Please report every line in the entries that contains the string "moreover".

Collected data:

>>>

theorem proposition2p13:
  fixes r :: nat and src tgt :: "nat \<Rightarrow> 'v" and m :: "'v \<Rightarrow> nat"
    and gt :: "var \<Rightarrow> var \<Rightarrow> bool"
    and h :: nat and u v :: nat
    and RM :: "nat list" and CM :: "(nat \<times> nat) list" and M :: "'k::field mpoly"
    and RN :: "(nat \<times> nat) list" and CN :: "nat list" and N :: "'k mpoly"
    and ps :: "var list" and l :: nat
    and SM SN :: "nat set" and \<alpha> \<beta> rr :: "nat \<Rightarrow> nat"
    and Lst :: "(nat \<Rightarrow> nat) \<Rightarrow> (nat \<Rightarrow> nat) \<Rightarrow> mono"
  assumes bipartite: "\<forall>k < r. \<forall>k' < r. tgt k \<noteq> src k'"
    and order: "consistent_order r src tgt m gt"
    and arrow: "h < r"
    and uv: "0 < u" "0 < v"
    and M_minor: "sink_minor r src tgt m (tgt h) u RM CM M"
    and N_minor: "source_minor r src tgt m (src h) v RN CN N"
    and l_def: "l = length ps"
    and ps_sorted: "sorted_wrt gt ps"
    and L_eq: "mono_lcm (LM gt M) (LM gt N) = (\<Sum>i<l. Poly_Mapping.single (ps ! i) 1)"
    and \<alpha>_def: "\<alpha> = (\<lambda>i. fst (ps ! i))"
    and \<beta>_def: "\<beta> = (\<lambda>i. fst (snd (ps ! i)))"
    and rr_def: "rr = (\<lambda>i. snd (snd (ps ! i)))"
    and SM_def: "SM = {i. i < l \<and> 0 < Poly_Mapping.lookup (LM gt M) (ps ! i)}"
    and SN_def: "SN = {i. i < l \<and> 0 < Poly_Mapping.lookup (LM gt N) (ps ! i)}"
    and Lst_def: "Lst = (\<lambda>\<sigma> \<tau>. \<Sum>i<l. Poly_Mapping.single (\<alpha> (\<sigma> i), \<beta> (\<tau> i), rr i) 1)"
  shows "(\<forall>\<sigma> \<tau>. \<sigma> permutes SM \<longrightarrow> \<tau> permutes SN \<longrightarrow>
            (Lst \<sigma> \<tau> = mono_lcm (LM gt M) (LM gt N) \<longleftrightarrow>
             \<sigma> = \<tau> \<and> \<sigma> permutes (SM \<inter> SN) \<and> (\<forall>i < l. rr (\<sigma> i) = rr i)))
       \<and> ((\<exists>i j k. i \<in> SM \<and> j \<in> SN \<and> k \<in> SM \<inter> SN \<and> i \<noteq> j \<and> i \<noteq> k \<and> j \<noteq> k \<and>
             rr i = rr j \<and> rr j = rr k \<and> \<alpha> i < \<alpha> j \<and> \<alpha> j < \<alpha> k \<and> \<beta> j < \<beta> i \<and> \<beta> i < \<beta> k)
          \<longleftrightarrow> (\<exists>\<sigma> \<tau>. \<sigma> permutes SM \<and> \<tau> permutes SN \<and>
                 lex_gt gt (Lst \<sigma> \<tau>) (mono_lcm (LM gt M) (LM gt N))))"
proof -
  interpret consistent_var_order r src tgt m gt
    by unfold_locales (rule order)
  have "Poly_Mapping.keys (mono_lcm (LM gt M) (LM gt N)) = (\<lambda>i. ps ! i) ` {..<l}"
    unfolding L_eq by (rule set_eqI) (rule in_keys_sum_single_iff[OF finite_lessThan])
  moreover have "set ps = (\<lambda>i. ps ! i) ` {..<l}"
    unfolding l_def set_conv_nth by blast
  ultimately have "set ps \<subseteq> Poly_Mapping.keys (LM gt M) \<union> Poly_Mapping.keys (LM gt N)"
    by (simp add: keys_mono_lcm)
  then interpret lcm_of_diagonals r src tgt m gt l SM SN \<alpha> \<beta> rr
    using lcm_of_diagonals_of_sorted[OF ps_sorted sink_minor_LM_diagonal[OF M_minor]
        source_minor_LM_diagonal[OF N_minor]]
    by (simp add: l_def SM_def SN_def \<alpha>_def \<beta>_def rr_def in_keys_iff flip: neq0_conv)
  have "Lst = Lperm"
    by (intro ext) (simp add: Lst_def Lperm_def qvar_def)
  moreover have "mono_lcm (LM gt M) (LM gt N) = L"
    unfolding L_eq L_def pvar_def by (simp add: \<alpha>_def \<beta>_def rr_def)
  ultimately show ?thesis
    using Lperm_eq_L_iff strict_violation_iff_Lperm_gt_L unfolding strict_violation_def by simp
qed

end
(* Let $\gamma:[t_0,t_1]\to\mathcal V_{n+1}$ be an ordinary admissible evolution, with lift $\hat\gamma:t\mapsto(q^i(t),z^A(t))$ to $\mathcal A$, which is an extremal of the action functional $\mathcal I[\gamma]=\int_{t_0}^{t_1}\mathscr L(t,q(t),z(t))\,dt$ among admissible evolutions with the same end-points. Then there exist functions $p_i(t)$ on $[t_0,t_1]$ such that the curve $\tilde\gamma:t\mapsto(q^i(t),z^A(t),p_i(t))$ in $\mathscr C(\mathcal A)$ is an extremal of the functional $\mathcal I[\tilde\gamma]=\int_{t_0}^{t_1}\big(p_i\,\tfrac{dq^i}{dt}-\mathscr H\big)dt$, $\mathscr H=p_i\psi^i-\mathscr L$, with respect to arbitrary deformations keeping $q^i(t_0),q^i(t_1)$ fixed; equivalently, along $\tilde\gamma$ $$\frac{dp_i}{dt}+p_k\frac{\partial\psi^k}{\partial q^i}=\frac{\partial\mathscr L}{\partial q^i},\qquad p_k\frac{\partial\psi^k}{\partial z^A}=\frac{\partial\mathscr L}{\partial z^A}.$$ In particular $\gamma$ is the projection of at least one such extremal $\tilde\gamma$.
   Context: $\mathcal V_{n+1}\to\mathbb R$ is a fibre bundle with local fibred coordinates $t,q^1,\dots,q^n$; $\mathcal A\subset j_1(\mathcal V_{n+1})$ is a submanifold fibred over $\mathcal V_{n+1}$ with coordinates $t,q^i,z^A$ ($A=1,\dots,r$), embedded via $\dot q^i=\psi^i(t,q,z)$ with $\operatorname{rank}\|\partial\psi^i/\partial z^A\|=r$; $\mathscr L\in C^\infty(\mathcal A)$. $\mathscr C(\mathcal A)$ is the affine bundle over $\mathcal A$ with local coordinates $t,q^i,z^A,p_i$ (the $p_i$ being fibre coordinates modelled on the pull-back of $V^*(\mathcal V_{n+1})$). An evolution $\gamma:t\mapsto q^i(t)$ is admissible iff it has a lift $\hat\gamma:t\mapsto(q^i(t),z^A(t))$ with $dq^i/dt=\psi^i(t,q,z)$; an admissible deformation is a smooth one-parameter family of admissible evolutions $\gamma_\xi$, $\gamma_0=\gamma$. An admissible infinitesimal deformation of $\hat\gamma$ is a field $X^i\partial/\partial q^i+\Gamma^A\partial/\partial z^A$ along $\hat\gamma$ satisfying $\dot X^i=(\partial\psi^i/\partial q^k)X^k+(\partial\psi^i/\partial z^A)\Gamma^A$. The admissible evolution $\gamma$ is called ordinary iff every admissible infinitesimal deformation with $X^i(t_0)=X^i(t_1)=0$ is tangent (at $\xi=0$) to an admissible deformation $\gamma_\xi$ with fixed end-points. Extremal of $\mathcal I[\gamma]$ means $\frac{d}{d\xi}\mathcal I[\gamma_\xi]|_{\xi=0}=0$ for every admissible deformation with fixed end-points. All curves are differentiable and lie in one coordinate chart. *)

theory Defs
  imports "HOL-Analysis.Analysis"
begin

<<<

Finished exercise:
  moreover have "set ps = (\<lambda>i. ps ! i) ` {..<l}"
  moreover have "mono_lcm (LM gt M) (LM gt N) = L"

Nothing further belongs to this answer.